Stored data:
==================================================
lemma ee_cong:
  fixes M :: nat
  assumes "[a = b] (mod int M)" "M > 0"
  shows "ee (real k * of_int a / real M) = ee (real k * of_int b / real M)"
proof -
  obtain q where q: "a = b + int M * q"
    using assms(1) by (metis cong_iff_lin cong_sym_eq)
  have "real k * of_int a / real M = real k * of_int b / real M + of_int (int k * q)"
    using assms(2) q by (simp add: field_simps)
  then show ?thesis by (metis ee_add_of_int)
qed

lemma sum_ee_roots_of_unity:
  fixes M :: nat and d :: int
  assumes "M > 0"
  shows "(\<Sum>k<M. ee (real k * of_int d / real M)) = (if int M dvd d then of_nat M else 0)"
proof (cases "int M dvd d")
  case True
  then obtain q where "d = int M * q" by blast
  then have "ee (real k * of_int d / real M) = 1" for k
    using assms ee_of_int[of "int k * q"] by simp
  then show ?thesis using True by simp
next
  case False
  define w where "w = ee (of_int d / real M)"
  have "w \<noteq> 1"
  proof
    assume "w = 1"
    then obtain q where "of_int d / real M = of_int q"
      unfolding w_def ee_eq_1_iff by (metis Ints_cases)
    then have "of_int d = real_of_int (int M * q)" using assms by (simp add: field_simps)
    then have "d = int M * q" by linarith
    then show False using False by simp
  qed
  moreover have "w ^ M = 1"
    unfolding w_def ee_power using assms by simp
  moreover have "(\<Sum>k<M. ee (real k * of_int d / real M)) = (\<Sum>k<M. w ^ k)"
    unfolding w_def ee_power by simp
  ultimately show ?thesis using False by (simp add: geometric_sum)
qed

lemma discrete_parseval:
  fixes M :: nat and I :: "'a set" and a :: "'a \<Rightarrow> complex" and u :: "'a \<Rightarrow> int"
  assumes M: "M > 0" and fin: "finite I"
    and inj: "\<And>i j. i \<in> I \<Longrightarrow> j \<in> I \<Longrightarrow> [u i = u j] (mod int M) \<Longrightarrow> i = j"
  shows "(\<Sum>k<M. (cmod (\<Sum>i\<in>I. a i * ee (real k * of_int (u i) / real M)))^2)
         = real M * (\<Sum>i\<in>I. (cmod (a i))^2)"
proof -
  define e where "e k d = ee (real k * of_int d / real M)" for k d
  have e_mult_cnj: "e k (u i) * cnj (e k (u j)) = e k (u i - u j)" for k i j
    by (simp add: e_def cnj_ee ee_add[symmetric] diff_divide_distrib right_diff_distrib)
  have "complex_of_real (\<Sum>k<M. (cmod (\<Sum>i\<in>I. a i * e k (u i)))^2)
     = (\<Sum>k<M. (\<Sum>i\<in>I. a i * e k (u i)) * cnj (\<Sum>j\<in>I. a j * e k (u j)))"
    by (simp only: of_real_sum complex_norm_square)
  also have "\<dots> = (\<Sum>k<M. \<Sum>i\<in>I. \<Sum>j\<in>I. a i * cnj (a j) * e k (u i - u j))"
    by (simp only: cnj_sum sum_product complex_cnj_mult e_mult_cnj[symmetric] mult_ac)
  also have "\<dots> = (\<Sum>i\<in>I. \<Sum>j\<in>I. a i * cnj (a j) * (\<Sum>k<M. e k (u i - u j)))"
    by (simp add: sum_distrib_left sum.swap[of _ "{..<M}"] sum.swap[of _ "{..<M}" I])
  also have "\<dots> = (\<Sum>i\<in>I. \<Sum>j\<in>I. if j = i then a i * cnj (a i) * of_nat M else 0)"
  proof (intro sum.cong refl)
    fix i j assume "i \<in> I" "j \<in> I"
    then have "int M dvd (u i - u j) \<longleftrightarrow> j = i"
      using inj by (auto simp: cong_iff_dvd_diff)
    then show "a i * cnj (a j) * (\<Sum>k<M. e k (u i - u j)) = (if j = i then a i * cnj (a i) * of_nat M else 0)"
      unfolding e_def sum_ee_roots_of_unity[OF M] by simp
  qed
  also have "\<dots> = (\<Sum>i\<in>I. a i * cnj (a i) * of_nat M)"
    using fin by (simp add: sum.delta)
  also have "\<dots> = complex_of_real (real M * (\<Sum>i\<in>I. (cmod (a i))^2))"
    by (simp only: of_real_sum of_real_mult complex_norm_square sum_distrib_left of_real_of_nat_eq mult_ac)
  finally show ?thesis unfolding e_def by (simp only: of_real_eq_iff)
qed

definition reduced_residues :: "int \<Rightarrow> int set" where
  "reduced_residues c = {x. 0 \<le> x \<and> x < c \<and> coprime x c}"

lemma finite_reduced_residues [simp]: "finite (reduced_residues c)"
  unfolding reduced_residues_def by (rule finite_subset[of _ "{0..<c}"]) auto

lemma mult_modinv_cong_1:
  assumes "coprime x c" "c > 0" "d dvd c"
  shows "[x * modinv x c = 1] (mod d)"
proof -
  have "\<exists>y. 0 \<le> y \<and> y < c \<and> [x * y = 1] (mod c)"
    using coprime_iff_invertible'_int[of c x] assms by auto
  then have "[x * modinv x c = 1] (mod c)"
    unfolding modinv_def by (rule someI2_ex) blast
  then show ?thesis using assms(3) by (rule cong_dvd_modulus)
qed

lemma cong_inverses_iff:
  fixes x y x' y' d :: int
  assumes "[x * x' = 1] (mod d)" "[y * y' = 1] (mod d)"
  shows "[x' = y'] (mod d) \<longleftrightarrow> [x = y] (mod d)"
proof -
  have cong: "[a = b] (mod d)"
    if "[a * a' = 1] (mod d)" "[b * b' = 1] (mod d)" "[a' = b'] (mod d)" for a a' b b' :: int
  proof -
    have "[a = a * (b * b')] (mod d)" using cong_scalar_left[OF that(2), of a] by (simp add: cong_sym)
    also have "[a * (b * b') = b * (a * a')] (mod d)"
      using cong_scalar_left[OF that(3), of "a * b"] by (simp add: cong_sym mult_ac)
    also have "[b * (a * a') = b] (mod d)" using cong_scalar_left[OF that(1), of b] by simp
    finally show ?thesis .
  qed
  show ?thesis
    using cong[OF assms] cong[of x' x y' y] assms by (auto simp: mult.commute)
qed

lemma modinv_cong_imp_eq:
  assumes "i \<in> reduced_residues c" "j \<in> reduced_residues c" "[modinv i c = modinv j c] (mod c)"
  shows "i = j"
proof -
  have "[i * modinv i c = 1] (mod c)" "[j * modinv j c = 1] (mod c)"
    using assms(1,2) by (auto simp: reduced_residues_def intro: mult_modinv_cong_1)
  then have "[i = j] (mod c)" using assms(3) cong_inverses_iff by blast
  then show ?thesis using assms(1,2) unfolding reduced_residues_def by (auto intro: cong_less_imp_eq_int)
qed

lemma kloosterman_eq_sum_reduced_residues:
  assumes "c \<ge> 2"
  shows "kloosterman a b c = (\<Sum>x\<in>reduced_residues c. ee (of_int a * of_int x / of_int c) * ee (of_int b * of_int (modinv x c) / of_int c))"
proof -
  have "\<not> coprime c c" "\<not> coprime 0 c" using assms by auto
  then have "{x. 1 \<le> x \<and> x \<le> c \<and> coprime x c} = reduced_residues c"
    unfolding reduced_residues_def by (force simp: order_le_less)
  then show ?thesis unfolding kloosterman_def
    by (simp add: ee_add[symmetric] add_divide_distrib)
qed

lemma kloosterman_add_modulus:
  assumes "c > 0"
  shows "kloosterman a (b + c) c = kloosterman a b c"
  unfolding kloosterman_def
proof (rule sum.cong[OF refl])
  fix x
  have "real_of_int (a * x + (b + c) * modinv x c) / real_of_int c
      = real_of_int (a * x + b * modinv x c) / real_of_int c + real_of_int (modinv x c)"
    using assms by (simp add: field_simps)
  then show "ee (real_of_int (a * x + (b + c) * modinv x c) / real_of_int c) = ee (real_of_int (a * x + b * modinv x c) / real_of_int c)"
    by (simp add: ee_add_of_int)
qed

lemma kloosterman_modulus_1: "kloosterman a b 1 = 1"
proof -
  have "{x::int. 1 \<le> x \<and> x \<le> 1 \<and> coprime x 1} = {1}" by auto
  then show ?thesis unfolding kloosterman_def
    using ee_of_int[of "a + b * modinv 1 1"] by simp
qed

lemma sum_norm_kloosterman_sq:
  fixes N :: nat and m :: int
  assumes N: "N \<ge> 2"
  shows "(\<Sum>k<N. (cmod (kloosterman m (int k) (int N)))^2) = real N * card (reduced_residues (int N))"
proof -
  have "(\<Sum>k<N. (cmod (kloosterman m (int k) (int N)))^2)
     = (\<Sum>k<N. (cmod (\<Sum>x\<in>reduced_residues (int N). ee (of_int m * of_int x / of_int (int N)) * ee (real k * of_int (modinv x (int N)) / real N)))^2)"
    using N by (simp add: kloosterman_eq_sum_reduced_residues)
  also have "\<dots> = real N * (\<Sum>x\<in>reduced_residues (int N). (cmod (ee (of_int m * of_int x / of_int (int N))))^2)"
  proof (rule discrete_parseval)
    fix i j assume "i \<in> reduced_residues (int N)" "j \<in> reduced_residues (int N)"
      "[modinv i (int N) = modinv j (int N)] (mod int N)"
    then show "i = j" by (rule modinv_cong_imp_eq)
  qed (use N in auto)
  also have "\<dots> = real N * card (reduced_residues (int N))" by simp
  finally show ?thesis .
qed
==================================================
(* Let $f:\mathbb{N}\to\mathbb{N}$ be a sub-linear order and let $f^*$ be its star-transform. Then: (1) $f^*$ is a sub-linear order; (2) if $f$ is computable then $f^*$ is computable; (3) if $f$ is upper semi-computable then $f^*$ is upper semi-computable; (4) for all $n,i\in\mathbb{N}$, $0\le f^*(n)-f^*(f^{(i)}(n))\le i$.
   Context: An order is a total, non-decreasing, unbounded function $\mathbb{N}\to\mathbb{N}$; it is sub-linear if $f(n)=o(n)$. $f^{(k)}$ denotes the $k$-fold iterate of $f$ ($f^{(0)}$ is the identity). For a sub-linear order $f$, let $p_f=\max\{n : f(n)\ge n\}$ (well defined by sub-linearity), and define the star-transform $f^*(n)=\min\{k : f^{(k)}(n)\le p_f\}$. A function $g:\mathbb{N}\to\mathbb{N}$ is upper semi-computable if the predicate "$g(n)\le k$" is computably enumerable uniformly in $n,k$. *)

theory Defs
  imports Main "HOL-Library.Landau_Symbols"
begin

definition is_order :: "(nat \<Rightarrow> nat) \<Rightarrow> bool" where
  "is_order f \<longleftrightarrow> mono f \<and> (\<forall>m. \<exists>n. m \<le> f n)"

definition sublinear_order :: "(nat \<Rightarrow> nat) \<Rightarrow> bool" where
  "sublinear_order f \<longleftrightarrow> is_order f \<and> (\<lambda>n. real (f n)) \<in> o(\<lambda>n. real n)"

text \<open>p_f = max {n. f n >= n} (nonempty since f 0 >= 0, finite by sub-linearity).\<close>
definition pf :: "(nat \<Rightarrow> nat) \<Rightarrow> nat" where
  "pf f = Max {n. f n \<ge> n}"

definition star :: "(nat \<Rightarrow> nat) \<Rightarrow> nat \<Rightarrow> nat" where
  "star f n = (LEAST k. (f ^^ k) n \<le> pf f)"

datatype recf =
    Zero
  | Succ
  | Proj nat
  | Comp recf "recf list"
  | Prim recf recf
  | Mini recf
==================================================
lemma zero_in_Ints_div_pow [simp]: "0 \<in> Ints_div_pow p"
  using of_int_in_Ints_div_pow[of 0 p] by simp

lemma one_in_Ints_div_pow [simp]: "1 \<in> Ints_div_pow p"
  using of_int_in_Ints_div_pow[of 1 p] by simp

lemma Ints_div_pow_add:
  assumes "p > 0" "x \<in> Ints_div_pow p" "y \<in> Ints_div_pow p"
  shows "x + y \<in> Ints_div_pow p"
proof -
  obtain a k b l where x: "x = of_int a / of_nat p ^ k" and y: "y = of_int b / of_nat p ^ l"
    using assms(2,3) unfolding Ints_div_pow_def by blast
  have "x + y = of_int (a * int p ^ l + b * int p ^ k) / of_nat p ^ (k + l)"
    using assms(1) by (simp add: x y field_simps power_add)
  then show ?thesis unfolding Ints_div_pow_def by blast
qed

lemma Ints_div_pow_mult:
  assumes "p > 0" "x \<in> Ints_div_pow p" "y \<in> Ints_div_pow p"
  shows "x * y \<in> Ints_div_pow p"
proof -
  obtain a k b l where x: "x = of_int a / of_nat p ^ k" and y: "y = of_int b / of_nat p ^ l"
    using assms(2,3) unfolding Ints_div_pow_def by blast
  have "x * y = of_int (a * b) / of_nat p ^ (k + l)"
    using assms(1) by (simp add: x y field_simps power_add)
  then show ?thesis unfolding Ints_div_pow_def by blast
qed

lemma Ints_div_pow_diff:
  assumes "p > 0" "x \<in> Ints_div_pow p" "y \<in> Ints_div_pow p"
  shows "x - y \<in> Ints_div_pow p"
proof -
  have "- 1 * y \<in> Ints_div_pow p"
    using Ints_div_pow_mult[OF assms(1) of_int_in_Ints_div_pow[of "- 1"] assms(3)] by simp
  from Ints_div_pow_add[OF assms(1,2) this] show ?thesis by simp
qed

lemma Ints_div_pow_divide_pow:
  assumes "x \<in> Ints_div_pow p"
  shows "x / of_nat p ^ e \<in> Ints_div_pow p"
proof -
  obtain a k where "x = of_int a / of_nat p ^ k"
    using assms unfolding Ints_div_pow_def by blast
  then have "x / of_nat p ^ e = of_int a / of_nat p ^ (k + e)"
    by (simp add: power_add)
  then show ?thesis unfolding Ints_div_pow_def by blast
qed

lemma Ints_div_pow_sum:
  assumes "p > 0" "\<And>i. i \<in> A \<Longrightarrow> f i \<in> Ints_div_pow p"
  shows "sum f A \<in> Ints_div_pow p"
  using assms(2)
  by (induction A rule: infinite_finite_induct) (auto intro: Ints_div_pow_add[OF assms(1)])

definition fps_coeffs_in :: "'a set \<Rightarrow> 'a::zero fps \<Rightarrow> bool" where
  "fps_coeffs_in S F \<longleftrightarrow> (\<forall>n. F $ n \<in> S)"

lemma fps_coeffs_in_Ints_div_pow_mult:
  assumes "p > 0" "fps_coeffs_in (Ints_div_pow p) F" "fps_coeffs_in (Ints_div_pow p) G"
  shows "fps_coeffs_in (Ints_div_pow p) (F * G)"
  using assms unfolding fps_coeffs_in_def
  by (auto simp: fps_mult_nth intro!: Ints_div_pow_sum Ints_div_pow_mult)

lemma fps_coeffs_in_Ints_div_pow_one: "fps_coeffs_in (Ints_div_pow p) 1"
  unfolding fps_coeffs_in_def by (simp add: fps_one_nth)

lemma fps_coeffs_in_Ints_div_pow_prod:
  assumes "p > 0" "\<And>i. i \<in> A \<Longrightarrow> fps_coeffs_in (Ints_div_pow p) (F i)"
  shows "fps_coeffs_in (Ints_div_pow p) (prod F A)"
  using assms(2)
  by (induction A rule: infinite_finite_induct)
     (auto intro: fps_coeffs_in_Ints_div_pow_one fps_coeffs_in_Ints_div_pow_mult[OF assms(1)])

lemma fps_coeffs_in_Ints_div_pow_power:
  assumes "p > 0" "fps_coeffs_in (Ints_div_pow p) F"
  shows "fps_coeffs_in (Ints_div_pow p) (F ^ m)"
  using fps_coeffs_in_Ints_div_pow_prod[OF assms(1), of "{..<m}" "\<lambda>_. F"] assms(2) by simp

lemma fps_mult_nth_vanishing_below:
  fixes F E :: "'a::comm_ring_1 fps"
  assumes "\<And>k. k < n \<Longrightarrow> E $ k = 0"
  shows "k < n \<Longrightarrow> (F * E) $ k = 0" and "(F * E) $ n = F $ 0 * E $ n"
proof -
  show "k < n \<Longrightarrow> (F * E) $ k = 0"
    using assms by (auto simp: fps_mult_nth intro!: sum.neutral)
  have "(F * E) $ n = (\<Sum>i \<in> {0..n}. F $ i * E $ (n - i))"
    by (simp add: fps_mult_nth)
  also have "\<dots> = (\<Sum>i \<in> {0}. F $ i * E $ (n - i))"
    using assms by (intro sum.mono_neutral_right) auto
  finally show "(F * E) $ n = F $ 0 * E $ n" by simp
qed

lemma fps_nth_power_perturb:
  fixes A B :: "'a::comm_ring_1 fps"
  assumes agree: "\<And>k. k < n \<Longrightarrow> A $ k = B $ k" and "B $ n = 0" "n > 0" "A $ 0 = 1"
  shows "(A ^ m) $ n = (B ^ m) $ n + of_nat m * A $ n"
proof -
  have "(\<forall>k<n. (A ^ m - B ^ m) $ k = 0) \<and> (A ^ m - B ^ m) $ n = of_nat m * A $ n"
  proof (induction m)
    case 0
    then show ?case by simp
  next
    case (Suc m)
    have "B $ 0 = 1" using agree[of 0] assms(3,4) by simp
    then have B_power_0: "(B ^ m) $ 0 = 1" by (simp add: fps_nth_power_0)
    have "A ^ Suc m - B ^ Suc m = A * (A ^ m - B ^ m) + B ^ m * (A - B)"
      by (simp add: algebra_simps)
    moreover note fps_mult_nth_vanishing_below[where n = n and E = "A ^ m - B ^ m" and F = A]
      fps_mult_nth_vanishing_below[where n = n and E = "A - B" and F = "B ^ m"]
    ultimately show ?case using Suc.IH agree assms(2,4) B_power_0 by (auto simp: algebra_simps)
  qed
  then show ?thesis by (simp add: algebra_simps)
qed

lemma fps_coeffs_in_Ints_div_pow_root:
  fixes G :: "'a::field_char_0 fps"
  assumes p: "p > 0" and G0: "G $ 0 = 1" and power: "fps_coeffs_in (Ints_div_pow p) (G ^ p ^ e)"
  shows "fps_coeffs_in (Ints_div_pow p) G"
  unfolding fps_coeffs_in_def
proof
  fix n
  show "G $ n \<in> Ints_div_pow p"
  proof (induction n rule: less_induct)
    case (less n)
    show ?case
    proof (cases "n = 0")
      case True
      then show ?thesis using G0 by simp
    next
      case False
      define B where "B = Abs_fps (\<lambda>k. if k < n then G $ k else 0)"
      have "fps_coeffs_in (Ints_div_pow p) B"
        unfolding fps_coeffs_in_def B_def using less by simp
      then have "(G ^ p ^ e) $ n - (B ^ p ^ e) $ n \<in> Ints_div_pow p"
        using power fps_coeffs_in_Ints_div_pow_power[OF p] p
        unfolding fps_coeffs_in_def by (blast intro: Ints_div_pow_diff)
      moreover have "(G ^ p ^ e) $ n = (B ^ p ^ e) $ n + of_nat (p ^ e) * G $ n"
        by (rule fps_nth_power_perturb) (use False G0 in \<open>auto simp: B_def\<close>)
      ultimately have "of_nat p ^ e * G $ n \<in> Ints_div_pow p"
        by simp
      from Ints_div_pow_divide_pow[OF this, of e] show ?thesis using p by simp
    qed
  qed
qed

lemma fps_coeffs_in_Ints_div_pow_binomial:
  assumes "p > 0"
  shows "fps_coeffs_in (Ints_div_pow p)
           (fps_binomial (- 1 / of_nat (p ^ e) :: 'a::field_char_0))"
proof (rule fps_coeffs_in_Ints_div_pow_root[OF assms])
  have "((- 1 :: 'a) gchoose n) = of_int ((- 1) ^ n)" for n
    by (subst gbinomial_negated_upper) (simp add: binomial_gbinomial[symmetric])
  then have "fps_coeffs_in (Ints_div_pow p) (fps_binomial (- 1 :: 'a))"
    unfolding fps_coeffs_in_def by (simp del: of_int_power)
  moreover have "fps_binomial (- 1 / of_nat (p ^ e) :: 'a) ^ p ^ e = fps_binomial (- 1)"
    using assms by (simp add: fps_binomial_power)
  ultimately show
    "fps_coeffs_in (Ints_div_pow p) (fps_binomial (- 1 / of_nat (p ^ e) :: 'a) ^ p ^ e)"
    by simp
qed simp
==================================================
• EXERCISE AIM
Each line of the data that holds "else" should be reported.

• ANSWER TO THE PROBLEM
  shows "(\<Sum>k<M. ee (real k * of_int d / real M)) = (if int M dvd d then of_nat M else 0)"
  also have "\<dots> = (\<Sum>i\<in>I. \<Sum>j\<in>I. if j = i then a i * cnj (a i) * of_nat M else 0)"
    then show "a i * cnj (a j) * (\<Sum>k<M. e k (u i - u j)) = (if j = i then a i * cnj (a i) * of_nat M else 0)"
      define B where "B = Abs_fps (\<lambda>k. if k < n then G $ k else 0)"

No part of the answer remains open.